◆ Your assignment
Below are some records; quote exactly the lines from the one that contains "with $\rho(x,y)=\|x-y\|_2$ and" through the one that contains "(\<lambda>_. density lborel", inclusive, and no others.

Saved data entries:
··········
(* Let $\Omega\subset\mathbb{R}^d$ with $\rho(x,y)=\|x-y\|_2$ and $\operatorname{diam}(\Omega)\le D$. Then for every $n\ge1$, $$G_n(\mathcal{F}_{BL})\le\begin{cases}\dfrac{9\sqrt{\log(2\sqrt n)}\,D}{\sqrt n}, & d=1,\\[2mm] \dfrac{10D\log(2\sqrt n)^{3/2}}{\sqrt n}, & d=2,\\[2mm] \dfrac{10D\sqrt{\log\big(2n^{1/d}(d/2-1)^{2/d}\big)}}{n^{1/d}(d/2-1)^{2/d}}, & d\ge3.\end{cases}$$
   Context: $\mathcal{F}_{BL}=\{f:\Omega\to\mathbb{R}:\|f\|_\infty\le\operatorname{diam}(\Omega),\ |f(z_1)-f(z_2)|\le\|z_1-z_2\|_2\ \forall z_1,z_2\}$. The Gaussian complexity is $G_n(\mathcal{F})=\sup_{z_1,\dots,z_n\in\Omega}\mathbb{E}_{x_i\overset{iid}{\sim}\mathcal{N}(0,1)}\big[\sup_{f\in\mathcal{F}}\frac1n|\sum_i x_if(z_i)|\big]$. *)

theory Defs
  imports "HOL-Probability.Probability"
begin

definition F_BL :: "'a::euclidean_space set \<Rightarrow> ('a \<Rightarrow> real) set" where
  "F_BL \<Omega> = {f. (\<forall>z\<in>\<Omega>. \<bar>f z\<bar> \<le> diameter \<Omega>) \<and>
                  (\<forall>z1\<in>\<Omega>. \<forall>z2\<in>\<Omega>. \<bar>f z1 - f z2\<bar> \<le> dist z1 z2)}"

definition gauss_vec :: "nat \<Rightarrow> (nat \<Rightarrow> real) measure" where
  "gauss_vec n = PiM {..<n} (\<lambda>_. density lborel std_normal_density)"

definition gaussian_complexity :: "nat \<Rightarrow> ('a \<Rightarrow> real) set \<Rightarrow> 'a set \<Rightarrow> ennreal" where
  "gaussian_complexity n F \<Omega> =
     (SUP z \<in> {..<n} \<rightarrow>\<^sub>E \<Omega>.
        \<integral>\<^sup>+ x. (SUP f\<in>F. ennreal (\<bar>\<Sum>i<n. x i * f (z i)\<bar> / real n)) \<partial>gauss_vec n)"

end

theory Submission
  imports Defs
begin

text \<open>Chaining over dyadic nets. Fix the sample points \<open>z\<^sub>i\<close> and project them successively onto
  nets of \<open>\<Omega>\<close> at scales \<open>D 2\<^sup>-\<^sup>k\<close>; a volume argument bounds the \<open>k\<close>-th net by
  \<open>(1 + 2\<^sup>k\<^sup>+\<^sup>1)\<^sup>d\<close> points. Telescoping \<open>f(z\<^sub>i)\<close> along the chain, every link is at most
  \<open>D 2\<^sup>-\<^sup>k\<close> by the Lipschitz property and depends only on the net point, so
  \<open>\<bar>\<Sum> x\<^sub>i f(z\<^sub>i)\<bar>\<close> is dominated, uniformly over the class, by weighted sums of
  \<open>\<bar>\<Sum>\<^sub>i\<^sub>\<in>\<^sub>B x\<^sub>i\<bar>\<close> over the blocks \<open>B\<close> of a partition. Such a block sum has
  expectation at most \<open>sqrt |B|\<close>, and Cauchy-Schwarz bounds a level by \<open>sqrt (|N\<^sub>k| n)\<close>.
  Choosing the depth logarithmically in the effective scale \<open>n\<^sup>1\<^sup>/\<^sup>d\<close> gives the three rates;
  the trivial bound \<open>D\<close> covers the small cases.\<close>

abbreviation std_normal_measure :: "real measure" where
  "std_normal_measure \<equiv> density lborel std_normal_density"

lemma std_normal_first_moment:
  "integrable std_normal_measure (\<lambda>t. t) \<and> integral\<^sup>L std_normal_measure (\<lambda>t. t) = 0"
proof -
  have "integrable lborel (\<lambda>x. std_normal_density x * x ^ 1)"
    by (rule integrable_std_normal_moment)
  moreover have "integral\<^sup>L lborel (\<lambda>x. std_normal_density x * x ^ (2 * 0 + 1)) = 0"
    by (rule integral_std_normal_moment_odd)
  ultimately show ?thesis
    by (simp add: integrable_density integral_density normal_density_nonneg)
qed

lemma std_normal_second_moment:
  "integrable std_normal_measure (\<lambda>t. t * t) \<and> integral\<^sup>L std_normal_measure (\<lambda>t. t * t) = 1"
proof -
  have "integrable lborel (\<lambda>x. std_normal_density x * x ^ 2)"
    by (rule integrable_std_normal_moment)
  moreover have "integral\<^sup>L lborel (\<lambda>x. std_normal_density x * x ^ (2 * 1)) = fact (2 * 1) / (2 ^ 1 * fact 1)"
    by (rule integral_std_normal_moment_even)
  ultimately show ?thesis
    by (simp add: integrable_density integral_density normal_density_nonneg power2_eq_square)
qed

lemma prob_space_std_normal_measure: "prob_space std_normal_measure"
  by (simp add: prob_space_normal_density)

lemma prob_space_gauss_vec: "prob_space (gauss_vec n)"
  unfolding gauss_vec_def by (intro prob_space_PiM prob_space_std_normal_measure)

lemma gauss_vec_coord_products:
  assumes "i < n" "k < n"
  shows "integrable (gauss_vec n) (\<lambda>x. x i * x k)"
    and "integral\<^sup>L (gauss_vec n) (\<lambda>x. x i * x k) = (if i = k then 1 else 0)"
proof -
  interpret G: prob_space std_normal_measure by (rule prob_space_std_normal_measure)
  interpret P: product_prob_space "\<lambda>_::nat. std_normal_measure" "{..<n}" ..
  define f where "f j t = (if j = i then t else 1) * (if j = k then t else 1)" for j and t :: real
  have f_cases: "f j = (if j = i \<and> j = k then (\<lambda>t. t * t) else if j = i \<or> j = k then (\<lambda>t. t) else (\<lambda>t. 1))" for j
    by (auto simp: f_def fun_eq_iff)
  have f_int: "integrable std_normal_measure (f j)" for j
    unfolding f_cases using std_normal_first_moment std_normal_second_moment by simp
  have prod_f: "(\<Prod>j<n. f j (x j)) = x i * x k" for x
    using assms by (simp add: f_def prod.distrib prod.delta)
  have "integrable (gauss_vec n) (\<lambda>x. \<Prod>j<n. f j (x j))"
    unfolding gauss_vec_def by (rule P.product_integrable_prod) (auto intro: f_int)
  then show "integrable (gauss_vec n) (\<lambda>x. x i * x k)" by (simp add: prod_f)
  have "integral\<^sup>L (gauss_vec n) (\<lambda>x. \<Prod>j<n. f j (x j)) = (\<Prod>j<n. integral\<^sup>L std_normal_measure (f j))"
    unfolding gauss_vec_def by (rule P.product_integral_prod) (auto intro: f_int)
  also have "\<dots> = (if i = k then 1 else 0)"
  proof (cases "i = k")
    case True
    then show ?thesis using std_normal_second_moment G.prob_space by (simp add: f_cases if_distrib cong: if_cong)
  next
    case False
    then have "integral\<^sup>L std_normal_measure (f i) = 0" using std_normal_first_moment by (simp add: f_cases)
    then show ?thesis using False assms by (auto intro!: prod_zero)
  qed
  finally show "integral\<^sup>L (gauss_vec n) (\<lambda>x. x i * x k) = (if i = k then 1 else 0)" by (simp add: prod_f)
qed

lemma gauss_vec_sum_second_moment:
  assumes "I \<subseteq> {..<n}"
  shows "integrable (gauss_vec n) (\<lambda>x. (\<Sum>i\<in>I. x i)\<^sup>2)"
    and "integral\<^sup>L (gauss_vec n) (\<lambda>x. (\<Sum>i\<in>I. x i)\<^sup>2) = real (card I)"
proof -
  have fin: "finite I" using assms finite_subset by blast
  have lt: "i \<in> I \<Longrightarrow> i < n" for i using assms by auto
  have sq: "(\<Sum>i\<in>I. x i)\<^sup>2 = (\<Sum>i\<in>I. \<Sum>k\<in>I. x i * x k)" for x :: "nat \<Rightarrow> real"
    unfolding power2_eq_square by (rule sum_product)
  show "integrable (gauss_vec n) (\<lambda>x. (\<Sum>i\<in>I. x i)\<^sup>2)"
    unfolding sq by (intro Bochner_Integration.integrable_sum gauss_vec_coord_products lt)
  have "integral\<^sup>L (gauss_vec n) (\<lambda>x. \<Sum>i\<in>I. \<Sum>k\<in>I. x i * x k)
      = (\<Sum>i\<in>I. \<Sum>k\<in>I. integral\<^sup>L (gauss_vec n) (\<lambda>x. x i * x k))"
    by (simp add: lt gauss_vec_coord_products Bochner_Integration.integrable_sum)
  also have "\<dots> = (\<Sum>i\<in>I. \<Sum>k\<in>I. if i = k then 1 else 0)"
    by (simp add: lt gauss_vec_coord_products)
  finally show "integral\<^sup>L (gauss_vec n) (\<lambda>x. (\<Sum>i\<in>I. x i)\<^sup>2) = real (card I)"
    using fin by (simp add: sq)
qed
··········
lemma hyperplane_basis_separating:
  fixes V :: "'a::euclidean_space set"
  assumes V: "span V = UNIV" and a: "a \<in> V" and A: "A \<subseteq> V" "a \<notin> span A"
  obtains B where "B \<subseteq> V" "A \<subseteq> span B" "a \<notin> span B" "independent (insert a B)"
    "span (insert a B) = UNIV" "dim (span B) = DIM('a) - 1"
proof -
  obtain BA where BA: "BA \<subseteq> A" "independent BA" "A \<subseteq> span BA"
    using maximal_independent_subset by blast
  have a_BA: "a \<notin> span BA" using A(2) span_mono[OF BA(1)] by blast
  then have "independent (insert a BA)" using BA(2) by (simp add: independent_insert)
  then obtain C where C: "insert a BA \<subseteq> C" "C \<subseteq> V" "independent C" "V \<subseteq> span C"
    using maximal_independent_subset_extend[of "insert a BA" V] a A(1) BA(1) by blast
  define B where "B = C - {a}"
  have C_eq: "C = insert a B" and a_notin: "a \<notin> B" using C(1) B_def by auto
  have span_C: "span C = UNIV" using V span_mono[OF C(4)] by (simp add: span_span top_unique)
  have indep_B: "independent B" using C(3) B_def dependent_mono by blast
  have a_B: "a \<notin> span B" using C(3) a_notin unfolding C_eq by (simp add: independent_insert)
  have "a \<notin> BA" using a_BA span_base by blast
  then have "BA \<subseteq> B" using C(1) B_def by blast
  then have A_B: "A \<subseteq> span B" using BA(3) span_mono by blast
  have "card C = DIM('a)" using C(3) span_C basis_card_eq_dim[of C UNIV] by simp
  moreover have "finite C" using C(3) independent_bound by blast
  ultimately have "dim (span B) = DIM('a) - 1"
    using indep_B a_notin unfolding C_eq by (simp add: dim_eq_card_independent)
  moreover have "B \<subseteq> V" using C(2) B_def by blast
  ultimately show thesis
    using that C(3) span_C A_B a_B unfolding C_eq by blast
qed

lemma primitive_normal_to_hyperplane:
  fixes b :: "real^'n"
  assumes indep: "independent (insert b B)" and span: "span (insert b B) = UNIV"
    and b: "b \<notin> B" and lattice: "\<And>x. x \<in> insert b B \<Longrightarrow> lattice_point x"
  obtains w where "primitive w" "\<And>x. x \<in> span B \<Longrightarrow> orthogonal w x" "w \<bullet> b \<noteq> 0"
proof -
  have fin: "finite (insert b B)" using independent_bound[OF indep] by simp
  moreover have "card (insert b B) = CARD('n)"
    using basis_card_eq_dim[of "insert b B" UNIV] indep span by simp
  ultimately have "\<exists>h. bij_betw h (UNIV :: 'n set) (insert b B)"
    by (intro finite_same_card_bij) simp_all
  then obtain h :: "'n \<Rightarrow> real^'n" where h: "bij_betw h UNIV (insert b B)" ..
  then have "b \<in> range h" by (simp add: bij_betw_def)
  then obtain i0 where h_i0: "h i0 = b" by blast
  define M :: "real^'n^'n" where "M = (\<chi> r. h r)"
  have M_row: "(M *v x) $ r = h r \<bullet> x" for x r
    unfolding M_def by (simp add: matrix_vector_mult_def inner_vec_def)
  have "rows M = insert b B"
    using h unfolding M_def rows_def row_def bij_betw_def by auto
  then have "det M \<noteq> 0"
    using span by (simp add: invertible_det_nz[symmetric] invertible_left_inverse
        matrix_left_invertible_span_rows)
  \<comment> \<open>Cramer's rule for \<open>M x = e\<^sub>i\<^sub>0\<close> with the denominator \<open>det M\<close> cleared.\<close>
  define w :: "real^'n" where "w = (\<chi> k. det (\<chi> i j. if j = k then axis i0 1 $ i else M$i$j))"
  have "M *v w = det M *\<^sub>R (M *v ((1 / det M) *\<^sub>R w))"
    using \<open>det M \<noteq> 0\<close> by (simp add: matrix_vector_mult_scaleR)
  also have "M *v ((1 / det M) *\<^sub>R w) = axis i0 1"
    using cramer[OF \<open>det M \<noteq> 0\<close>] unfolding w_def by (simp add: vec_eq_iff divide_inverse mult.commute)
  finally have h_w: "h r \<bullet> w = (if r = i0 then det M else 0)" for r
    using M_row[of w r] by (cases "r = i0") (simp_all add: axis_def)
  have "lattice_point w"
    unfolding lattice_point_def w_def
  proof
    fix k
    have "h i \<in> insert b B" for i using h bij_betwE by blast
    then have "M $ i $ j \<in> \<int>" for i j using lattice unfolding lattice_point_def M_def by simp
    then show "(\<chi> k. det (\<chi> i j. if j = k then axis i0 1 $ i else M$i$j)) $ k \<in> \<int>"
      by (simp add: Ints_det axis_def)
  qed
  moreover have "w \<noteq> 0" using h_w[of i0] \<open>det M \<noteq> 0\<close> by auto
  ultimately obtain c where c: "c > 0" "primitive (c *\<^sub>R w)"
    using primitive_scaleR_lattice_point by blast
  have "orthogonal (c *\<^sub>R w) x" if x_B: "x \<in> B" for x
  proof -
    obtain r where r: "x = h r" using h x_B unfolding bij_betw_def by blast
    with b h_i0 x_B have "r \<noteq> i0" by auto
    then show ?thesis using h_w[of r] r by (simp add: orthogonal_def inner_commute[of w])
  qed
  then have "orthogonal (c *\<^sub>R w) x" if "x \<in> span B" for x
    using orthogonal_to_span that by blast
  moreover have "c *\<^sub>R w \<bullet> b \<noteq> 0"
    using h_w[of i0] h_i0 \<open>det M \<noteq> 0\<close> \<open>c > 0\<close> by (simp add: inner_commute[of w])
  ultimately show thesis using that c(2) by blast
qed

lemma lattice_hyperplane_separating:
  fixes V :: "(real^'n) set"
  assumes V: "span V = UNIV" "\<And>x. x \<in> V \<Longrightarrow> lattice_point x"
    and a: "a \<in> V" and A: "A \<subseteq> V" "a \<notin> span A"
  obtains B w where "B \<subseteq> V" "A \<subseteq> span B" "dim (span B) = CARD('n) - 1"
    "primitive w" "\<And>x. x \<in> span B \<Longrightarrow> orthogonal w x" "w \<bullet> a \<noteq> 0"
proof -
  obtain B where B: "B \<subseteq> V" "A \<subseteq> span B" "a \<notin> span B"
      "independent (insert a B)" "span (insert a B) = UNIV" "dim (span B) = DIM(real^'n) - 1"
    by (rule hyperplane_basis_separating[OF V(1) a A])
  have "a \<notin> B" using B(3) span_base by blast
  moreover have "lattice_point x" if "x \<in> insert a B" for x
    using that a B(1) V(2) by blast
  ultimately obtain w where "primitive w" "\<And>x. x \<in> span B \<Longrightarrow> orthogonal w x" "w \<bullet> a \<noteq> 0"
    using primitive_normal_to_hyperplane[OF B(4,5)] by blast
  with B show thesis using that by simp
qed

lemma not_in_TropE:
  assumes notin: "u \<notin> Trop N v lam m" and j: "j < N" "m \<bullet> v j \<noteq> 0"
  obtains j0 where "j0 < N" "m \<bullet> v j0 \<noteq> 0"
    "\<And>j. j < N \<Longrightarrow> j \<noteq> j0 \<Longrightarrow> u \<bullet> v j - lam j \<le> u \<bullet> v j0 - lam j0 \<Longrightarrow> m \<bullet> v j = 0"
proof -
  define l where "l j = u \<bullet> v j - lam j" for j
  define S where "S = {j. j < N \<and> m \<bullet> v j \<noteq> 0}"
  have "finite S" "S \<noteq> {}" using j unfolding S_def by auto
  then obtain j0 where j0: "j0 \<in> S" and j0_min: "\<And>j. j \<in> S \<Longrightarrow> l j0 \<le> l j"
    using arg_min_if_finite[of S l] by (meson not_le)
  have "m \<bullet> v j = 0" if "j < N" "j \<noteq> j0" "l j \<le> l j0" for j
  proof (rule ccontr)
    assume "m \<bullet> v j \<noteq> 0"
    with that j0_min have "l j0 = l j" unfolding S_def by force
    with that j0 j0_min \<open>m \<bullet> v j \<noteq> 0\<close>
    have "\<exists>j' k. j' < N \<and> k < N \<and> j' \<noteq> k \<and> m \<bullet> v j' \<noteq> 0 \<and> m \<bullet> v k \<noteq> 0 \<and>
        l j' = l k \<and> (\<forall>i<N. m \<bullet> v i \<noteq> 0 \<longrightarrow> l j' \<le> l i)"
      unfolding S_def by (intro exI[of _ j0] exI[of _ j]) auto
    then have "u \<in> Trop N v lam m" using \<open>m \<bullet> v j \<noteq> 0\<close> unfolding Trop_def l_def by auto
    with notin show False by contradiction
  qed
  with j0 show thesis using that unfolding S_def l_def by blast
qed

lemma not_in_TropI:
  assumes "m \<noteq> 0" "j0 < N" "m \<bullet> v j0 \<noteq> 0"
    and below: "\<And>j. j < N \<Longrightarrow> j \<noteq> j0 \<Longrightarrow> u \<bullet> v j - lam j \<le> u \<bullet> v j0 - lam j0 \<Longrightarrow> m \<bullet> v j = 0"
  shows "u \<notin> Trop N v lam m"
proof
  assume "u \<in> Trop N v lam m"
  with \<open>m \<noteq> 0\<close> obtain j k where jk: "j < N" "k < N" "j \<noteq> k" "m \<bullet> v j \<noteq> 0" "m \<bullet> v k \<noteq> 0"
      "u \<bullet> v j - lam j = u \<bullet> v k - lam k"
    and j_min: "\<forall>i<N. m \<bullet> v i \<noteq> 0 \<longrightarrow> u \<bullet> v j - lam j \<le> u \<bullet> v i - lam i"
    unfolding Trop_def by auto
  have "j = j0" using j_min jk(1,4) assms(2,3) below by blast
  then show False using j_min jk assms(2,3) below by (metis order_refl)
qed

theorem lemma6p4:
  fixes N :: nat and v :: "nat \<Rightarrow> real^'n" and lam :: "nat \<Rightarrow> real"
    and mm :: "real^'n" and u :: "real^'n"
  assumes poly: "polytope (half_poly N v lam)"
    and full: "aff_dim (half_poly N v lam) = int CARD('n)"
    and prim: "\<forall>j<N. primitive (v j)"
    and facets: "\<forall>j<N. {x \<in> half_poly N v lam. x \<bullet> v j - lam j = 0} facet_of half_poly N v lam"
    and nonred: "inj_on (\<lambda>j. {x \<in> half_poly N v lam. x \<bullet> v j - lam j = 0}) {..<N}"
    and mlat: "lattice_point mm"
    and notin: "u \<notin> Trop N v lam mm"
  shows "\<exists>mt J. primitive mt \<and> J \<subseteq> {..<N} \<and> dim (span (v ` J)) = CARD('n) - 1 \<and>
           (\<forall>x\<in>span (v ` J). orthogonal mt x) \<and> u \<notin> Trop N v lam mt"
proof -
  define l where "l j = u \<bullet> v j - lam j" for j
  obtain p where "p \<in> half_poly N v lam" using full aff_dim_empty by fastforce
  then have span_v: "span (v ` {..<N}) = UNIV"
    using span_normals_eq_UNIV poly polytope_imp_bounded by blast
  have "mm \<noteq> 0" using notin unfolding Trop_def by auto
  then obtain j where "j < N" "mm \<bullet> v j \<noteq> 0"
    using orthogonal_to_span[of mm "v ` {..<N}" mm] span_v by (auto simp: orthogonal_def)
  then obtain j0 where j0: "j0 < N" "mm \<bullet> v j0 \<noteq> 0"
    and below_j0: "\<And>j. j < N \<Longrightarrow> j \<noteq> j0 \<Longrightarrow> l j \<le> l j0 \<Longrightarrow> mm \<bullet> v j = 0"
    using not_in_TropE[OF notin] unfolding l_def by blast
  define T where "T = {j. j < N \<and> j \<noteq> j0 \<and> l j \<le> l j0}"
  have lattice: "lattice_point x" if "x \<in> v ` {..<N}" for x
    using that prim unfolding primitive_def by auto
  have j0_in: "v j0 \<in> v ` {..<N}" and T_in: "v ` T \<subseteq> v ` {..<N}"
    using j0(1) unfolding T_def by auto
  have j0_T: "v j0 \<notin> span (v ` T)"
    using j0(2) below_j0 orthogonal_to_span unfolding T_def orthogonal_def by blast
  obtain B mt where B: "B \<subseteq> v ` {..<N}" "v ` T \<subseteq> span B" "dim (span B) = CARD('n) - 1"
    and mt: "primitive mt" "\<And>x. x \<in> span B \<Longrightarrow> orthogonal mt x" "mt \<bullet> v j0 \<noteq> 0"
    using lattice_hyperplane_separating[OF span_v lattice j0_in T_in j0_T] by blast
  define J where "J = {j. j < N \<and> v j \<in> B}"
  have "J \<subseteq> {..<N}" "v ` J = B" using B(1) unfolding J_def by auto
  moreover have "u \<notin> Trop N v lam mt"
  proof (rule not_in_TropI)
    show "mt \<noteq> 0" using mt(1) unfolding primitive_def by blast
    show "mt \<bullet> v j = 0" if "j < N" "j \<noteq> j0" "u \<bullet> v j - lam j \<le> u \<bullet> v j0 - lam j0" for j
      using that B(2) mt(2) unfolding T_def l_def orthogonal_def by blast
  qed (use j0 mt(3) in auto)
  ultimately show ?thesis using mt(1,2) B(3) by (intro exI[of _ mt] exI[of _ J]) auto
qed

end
··········
◆ Completed task
(* Let $\Omega\subset\mathbb{R}^d$ with $\rho(x,y)=\|x-y\|_2$ and $\operatorname{diam}(\Omega)\le D$. Then for every $n\ge1$, $$G_n(\mathcal{F}_{BL})\le\begin{cases}\dfrac{9\sqrt{\log(2\sqrt n)}\,D}{\sqrt n}, & d=1,\\[2mm] \dfrac{10D\log(2\sqrt n)^{3/2}}{\sqrt n}, & d=2,\\[2mm] \dfrac{10D\sqrt{\log\big(2n^{1/d}(d/2-1)^{2/d}\big)}}{n^{1/d}(d/2-1)^{2/d}}, & d\ge3.\end{cases}$$
   Context: $\mathcal{F}_{BL}=\{f:\Omega\to\mathbb{R}:\|f\|_\infty\le\operatorname{diam}(\Omega),\ |f(z_1)-f(z_2)|\le\|z_1-z_2\|_2\ \forall z_1,z_2\}$. The Gaussian complexity is $G_n(\mathcal{F})=\sup_{z_1,\dots,z_n\in\Omega}\mathbb{E}_{x_i\overset{iid}{\sim}\mathcal{N}(0,1)}\big[\sup_{f\in\mathcal{F}}\frac1n|\sum_i x_if(z_i)|\big]$. *)

theory Defs
  imports "HOL-Probability.Probability"
begin

definition F_BL :: "'a::euclidean_space set \<Rightarrow> ('a \<Rightarrow> real) set" where
  "F_BL \<Omega> = {f. (\<forall>z\<in>\<Omega>. \<bar>f z\<bar> \<le> diameter \<Omega>) \<and>
                  (\<forall>z1\<in>\<Omega>. \<forall>z2\<in>\<Omega>. \<bar>f z1 - f z2\<bar> \<le> dist z1 z2)}"

definition gauss_vec :: "nat \<Rightarrow> (nat \<Rightarrow> real) measure" where
  "gauss_vec n = PiM {..<n} (\<lambda>_. density lborel std_normal_density)"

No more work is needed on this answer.